The Falcon features a tapered hand grip resembling Razer’s line of gaming mice. The design allows the user to wrap their palm around the mouse while keeping control of the buttons. The symmetrical design also allows the mouse to be used with either hand; however, we found the side buttons rather awkward and uncomfortable to access. The Falcon has a typical five-button setup, with left, right and middle buttons as well as a button on each side. Using the Falcon’s configuration software, all five buttons can be easily mapped to perform different functions; quick configuration buttons enable easy swapping between right-handed and left-handed use.
The Falcon weighs 120g and doesn’t offer weight configuration like higher-end gaming mice. The mouse uses Teflon feet to minimise friction; combined with the included mouse pad, the Falcon manages to glide rather effortlessly while retaining the necessary accuracy for shooting games.
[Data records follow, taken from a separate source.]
lemma tendsto_block_products:
  fixes \<theta> :: "int \<Rightarrow> real" and N :: nat and w :: complex
  assumes "N > 0" and shift: "\<And>k. \<theta> (k + int N) = \<theta> k + 2 * pi"
    and first: "\<And>j. j \<in> {1..int N} \<Longrightarrow> 0 < \<theta> j \<and> \<theta> j < 2 * pi"
  shows "(\<lambda>M::nat. \<Prod>k\<in>{1 - int N * int M..int N + int N * int M}. 1 - w / of_real (\<theta> k))
           \<longlonglongrightarrow> (\<Prod>j\<in>{1..int N}. sin ((of_real (\<theta> j) - w) / 2) / sin (of_real (\<theta> j) / 2))"
proof -
  have "(\<Prod>k\<in>{1 - int N * int M..int N + int N * int M}. 1 - w / of_real (\<theta> k))
        = (\<Prod>j\<in>{1..int N}. \<Prod>m\<in>{- int M..int M}. 1 - w / of_real (\<theta> j + 2 * pi * of_int m))" for M
  proof -
    have "(\<Prod>k\<in>{1 - int N * int M..int N + int N * int M}. 1 - w / of_real (\<theta> k))
          = (\<Prod>j\<in>{1..int N}. \<Prod>m\<in>{- int M..int M}. 1 - w / of_real (\<theta> (j + int N * m)))"
      by (rule prod_int_interval_blocks) (use \<open>N > 0\<close> in auto)
    then show ?thesis by (simp only: shift_iterate[where \<theta> = \<theta>, OF shift])
  qed
  moreover have "(\<lambda>M::nat. \<Prod>j\<in>{1..int N}. \<Prod>m\<in>{- int M..int M}. 1 - w / of_real (\<theta> j + 2 * pi * of_int m))
      \<longlonglongrightarrow> (\<Prod>j\<in>{1..int N}. sin ((of_real (\<theta> j) - w) / 2) / sin (of_real (\<theta> j) / 2))"
    using first by (intro tendsto_prod tendsto_prod_shifted_sine) auto
  ultimately show ?thesis by simp
qed

lemma tendsto_symmetric_prod_periodic:
  fixes \<theta> :: "int \<Rightarrow> real" and N :: nat and w :: complex
  assumes "N > 0" and shift: "\<And>k. \<theta> (k + int N) = \<theta> k + 2 * pi"
    and first: "\<And>j. j \<in> {1..int N} \<Longrightarrow> 0 < \<theta> j \<and> \<theta> j < 2 * pi"
  shows "(\<lambda>A::nat. \<Prod>k\<in>{- int A..int A}. 1 - w / of_real (\<theta> k))
           \<longlonglongrightarrow> (\<Prod>j\<in>{1..int N}. sin ((of_real (\<theta> j) - w) / 2) / sin (of_real (\<theta> j) / 2))"
    (is "?F \<longlonglongrightarrow> ?L")
proof (rule tendsto_of_residue_subsequences[OF \<open>N > 0\<close>])
  fix r assume "r < N"
  define f where "f k = 1 - w / of_real (\<theta> k)" for k
  define Q where "Q M = (\<Prod>k\<in>{1 - int N * int M..int N + int N * int M}. f k)" for M :: nat
  define B where "B M = (\<Prod>i\<in>{int r + 1..int N}. f (i + int N * int M))" for M :: nat
  define C where "C M = (\<Prod>i\<in>{- int r..0}. f (i + - (int N * int M)))" for M :: nat
  have residue: "?F (N * M + r) * B M = C M * Q M" for M
    using prod_symmetric_interval_residue[of "int r" "int N" "int M" f] \<open>r < N\<close>
    unfolding B_def C_def Q_def f_def by simp
  have Q: "Q \<longlonglongrightarrow> ?L"
    unfolding Q_def f_def using assms by (rule tendsto_block_products)
  have "B = (\<lambda>M. \<Prod>i\<in>{int r + 1..int N}. 1 - w / of_real (\<theta> i + 2 * pi * real M))"
    unfolding B_def f_def shift_iterate[where \<theta> = \<theta>, OF shift] by simp
  moreover have "(\<lambda>M. \<Prod>i\<in>{int r + 1..int N}. 1 - w / of_real (\<theta> i + 2 * pi * real M))
      \<longlonglongrightarrow> (\<Prod>i\<in>{int r + 1..int N}. 1)"
    by (intro tendsto_prod tendsto_one_minus_divide_linear) simp
  ultimately have B: "B \<longlonglongrightarrow> 1" by simp
  have "\<theta> (i + - (int N * int M)) = \<theta> i + (- 2 * pi) * real M" for i M
    using shift_iterate[where \<theta> = \<theta>, OF shift, of i "- int M"] by simp
  then have "C = (\<lambda>M. \<Prod>i\<in>{- int r..0}. 1 - w / of_real (\<theta> i + (- 2 * pi) * real M))"
    unfolding C_def f_def by simp
  moreover have "(\<lambda>M. \<Prod>i\<in>{- int r..0}. 1 - w / of_real (\<theta> i + (- 2 * pi) * real M))
      \<longlonglongrightarrow> (\<Prod>i\<in>{- int r..0}. 1)"
    by (intro tendsto_prod tendsto_one_minus_divide_linear) simp
  ultimately have C: "C \<longlonglongrightarrow> 1" by simp
  have "(\<lambda>M. C M * Q M / B M) \<longlonglongrightarrow> 1 * ?L / 1"
    by (intro tendsto_intros C Q B) simp
  moreover have "eventually (\<lambda>M. B M \<noteq> 0) sequentially"
    using tendsto_imp_eventually_ne[OF B, of 0] by simp
  then have "eventually (\<lambda>M. C M * Q M / B M = ?F (N * M + r)) sequentially"
    by eventually_elim (metis residue nonzero_mult_div_cancel_right)
  ultimately show "(\<lambda>M. ?F (N * M + r)) \<longlonglongrightarrow> ?L"
    by (simp add: Lim_transform_eventually)
qed

theorem proposition4p1:
  fixes U :: "complex^'n::finite^'n"
    and \<theta> :: "int \<Rightarrow> real"
    and z :: complex
  assumes unitary: "unitary_mat U"
    and distinct: "card {c. is_eigenvalue U c} = CARD('n)"
    and not_one: "\<not> is_eigenvalue U 1"
    and theta_mono: "strict_mono \<theta>"
    and theta_range: "range \<theta> = {t. is_eigenvalue U (exp (\<i> * of_real t))}"
    and theta_0: "\<theta> 0 < 0"
    and theta_1: "0 < \<theta> 1"
  shows "convergent (\<lambda>A::nat. \<Prod>k\<in>{- int A..int A}.
            (1 - z / of_real (real CARD('n) / (2 * pi) * \<theta> k)))
       \<and> xi U z = exp (\<i> * of_real pi * z) *
            lim (\<lambda>A::nat. \<Prod>k\<in>{- int A..int A}.
            (1 - z / of_real (real CARD('n) / (2 * pi) * \<theta> k)))"
proof -
  interpret unitary_eigenangles U \<theta>
    using unitary theta_mono theta_range theta_0 theta_1 by unfold_locales
  define w where "w = 2 * of_real pi * z / of_nat CARD('n)"
  define L where "L = (\<Prod>j\<in>{1..int CARD('n)}. sin ((of_real (\<theta> j) - w) / 2) / sin (of_real (\<theta> j) / 2))"
  have shift: "\<theta> (k + int CARD('n)) = \<theta> k + 2 * pi" for k
    using eigenangles_period distinct by simp
  have first: "0 < \<theta> j \<and> \<theta> j < 2 * pi" if "j \<in> {1..int CARD('n)}" for j
    using angle_in_first_period[OF shift] that by simp
  have "exp (\<i> * of_real (\<theta> j)) \<noteq> 1" for j
    using theta_range not_one by (metis (mono_tags) mem_Collect_eq rangeI)
  then have "xi U z = exp (\<i> * of_real pi * z) * L"
    unfolding L_def w_def
    by (intro xi_eq_exp_mult_prod_sin_ratio) (simp_all add: Zpoly_eq_prod_eigenangles[OF distinct])
  moreover have rescale: "z / of_real (real CARD('n) / (2 * pi) * \<theta> k) = w / of_real (\<theta> k)" for k
    unfolding w_def by (simp add: divide_divide_eq_left field_simps)
  then have "(\<lambda>A::nat. \<Prod>k\<in>{- int A..int A}. 1 - z / of_real (real CARD('n) / (2 * pi) * \<theta> k)) \<longlonglongrightarrow> L"
    unfolding rescale L_def using shift first by (intro tendsto_symmetric_prod_periodic) auto
  ultimately show ?thesis by (auto simp: convergent_def limI)
qed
Saitek and Razer pride themselves on mice capable of tracking at 3200 dots per inch The Falcon has three different sensitivity settings, ranging from the standard 800dpi to 2000dpi. The sensitivity can be adjusted from the mouse itself using a small button.
The middle button’s backlight indicates its sensitivity setting — green for 800dpi, blue for 1300dpi and red for 2000dpi. The accompanying Dynamic Lightshow software modifies this backlight to change colours in time with music the computer is playing; fun but hardly useful for gamers.
The configuration software comes with two gaming macros built-in. The 'Virtual Run' macro increases the mouse’s sensitivity while a button is held. This allows users to turn around quickly in first person shooters, or scroll quicker on the map in a real-time strategy game. The macro works, but we're dubious that it will have a real impact on gamers' performance. The other macro, dubbed 'Wave Action', essentially simulates constantly clicking left-clicking — reasonable if you want to turn a pistol into a sub-machine gun but otherwise useless.
Emprex boasts that the mouse's connector is gold plated, allowing for a better connection than a standard USB plug. The company isn’t the first to make such a claim — Razer and Saitek both do as well. However, the bandwidth that even a gaming mouse uses is still comfortably within the confines of the USB 2.0 specification, making the claim seem little more than marketing gimmick.